Source information section start

definition mate_set :: "'a set set \<Rightarrow> 'a set \<Rightarrow> 'a set" where
  "mate_set M A = {y. \<exists>x\<in>A. {x, y} \<in> M \<and> x \<noteq> y}"

definition union_of_nontrivial_cliques :: "'a set \<Rightarrow> 'a set set \<Rightarrow> bool" where
  "union_of_nontrivial_cliques W E \<longleftrightarrow>
     (\<exists>\<C>. (\<forall>C\<in>\<C>. finite C \<and> card C \<ge> 2) \<and>
          (\<forall>C\<in>\<C>. \<forall>D\<in>\<C>. C \<noteq> D \<longrightarrow> C \<inter> D = {}) \<and>
          \<Union>\<C> = W \<and>
          E = {{x, y} | x y. x \<noteq> y \<and> (\<exists>C\<in>\<C>. x \<in> C \<and> y \<in> C)})"

end

(* Let T = A \<union> (V - V(M)) and X = V(M) - (A \<union> m(A)), so that every vertex of V lies in T, in X
   or in m(A). Since no edge of H lies inside T, each clique of H contains at most one vertex of T;
   a clique containing a vertex of T but none of X has, being non-trivial, a further vertex in m(A).
   Counting clique by clique gives |W| \<le> g + |X| + 2 |m(A)|, where g is the number of cliques
   meeting both T and X, and |X| + 2 |m(A)| \<le> |X| + |m(A)| + |A| = |V(M)| \<le> 2 |M|.
   Hence g \<ge> s, and one edge between X and T in each of s such cliques forms the matching. *)

theory Submission
  imports Defs
begin

lemma matching_disjoint:
  assumes "matching M" "e \<in> M" "f \<in> M" "e \<noteq> f"
  shows "e \<inter> f = {}"
  using assms unfolding matching_def by blast

lemma matching_unique_mate:
  assumes "matching M" "{x, y} \<in> M" "{x, z} \<in> M"
  shows "y = z"
proof -
  have "{x, y} = {x, z}"
  proof (rule ccontr)
    assume "{x, y} \<noteq> {x, z}"
    then have "{x, y} \<inter> {x, z} = {}"
      using matching_disjoint assms by blast
    then show False by simp
  qed
  then show ?thesis
    by (metis doubleton_eq_iff)
qed

lemma mate_set_subset_matched_verts: "mate_set M A \<subseteq> matched_verts M"
  unfolding mate_set_def matched_verts_def by blast

lemma card_mate_set_le:
  assumes "matching M" "finite A"
  shows "card (mate_set M A) \<le> card A"
proof -
  have mates_le_1: "card {y. {x, y} \<in> M \<and> x \<noteq> y} \<le> 1" for x
  proof (cases "\<exists>y. {x, y} \<in> M")
    case True
    then obtain y where "{x, y} \<in> M" by blast
    then have "{y. {x, y} \<in> M \<and> x \<noteq> y} \<subseteq> {y}"
      using matching_unique_mate[OF assms(1)] by blast
    then show ?thesis
      using card_mono[of "{y}"] by fastforce
  qed simp
  have "mate_set M A = (\<Union>x\<in>A. {y. {x, y} \<in> M \<and> x \<noteq> y})"
    unfolding mate_set_def by blast
  then have "card (mate_set M A) \<le> (\<Sum>x\<in>A. card {y. {x, y} \<in> M \<and> x \<noteq> y})"
    using card_UN_le[OF assms(2)] by simp
  also have "\<dots> \<le> (\<Sum>x\<in>A. 1)"
    using mates_le_1 by (intro sum_mono) auto
  finally show ?thesis by simp
qed

lemma card_matched_verts_le:
  assumes "matching M"
  shows "card (matched_verts M) \<le> 2 * card M"
proof -
  have "card (matched_verts M) \<le> sum card M"
    unfolding matched_verts_def by (rule card_Union_le_sum_card)
  also have "sum card M = sum (\<lambda>_. 2) M"
    using assms unfolding matching_def is_edge_def by (intro sum.cong) auto
  finally show ?thesis by simp
qed

lemma card_matched_verts_diff_plus_twice_mates_le:
  assumes "matching M" "finite (matched_verts M)"
    and "A \<subseteq> matched_verts M" "A \<inter> mate_set M A = {}"
  shows "card (matched_verts M - (A \<union> mate_set M A)) + 2 * card (mate_set M A) \<le> 2 * card M"
proof -
  let ?V = "matched_verts M" and ?Y = "mate_set M A"
  have fin: "finite (?V - (A \<union> ?Y))" "finite ?Y" "finite A"
    using assms(2) finite_subset[OF mate_set_subset_matched_verts assms(2)]
      finite_subset[OF assms(3,2)] by auto
  have "?V = ((?V - (A \<union> ?Y)) \<union> ?Y) \<union> A"
    using assms(3) mate_set_subset_matched_verts[of M A] by blast
  also have "card \<dots> = card ((?V - (A \<union> ?Y)) \<union> ?Y) + card A"
    using fin assms(4) by (intro card_Un_disjoint) auto
  also have "card ((?V - (A \<union> ?Y)) \<union> ?Y) = card (?V - (A \<union> ?Y)) + card ?Y"
    using fin by (intro card_Un_disjoint) auto
  finally have "card ?V = card (?V - (A \<union> ?Y)) + card ?Y + card A" .
  moreover have "card ?Y \<le> card A"
    using card_mate_set_le assms finite_subset by blast
  ultimately show ?thesis
    using card_matched_verts_le[OF assms(1)] by linarith
qed

lemma card_clique_inter_independent_le_1:
  assumes "finite C" "\<forall>a\<in>C. \<forall>b\<in>C. a \<noteq> b \<longrightarrow> {a, b} \<in> E" "\<forall>e\<in>E. \<not> e \<subseteq> T"
  shows "card (C \<inter> T) \<le> 1"
proof -
  have "a = b" if "a \<in> C \<inter> T" "b \<in> C \<inter> T" for a b
  proof (rule ccontr)
    assume "a \<noteq> b"
    then have "\<not> {a, b} \<subseteq> T"
      using assms(2,3) that by blast
    then show False
      using that by blast
  qed
  then show ?thesis
    using assms(1) by (simp add: card_le_Suc0_iff_eq)
qed

lemma card_inter_le_of_bool_plus_card_diff:
  assumes "finite C" "2 \<le> card C" "card (C \<inter> T) \<le> 1"
  shows "card (C \<inter> T) \<le> of_bool (C \<inter> T \<noteq> {} \<and> C \<inter> X \<noteq> {}) + card (C - (T \<union> X))"
proof (cases "C \<inter> T \<noteq> {} \<and> C \<inter> X = {}")
  case True
  then obtain t where t: "t \<in> C \<inter> T"
    by blast
  then have "C \<inter> T = {t}"
    using assms(1,3) card_le_Suc0_iff_eq[of "C \<inter> T"] by auto
  then have "C - {t} \<subseteq> C - (T \<union> X)"
    using True by blast
  moreover have "card (C - {t}) \<ge> 1"
    using assms(2) t by (simp add: card_Diff_singleton_if)
  ultimately have "1 \<le> card (C - (T \<union> X))"
    using assms(1) card_mono[of "C - (T \<union> X)" "C - {t}"] by simp
  then show ?thesis
    using assms(3) by simp
qed (use assms(3) in auto)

Source information section end

» **Work instructions**: In the listing above, locate the line containing "meeting both T" and the line containing "unfolding mate_set_def by blast". Extract those two lines and every line between them, exactly as written, and only those.

» **Finished task**:
   meeting both T and X, and |X| + 2 |m(A)| \<le> |X| + |m(A)| + |A| = |V(M)| \<le> 2 |M|.
   Hence g \<ge> s, and one edge between X and T in each of s such cliques forms the matching. *)

theory Submission
  imports Defs
begin

lemma matching_disjoint:
  assumes "matching M" "e \<in> M" "f \<in> M" "e \<noteq> f"
  shows "e \<inter> f = {}"
  using assms unfolding matching_def by blast

lemma matching_unique_mate:
  assumes "matching M" "{x, y} \<in> M" "{x, z} \<in> M"
  shows "y = z"
proof -
  have "{x, y} = {x, z}"
  proof (rule ccontr)
    assume "{x, y} \<noteq> {x, z}"
    then have "{x, y} \<inter> {x, z} = {}"
      using matching_disjoint assms by blast
    then show False by simp
  qed
  then show ?thesis
    by (metis doubleton_eq_iff)
qed

lemma mate_set_subset_matched_verts: "mate_set M A \<subseteq> matched_verts M"
  unfolding mate_set_def matched_verts_def by blast

lemma card_mate_set_le:
  assumes "matching M" "finite A"
  shows "card (mate_set M A) \<le> card A"
proof -
  have mates_le_1: "card {y. {x, y} \<in> M \<and> x \<noteq> y} \<le> 1" for x
  proof (cases "\<exists>y. {x, y} \<in> M")
    case True
    then obtain y where "{x, y} \<in> M" by blast
    then have "{y. {x, y} \<in> M \<and> x \<noteq> y} \<subseteq> {y}"
      using matching_unique_mate[OF assms(1)] by blast
    then show ?thesis
      using card_mono[of "{y}"] by fastforce
  qed simp
  have "mate_set M A = (\<Union>x\<in>A. {y. {x, y} \<in> M \<and> x \<noteq> y})"
    unfolding mate_set_def by blast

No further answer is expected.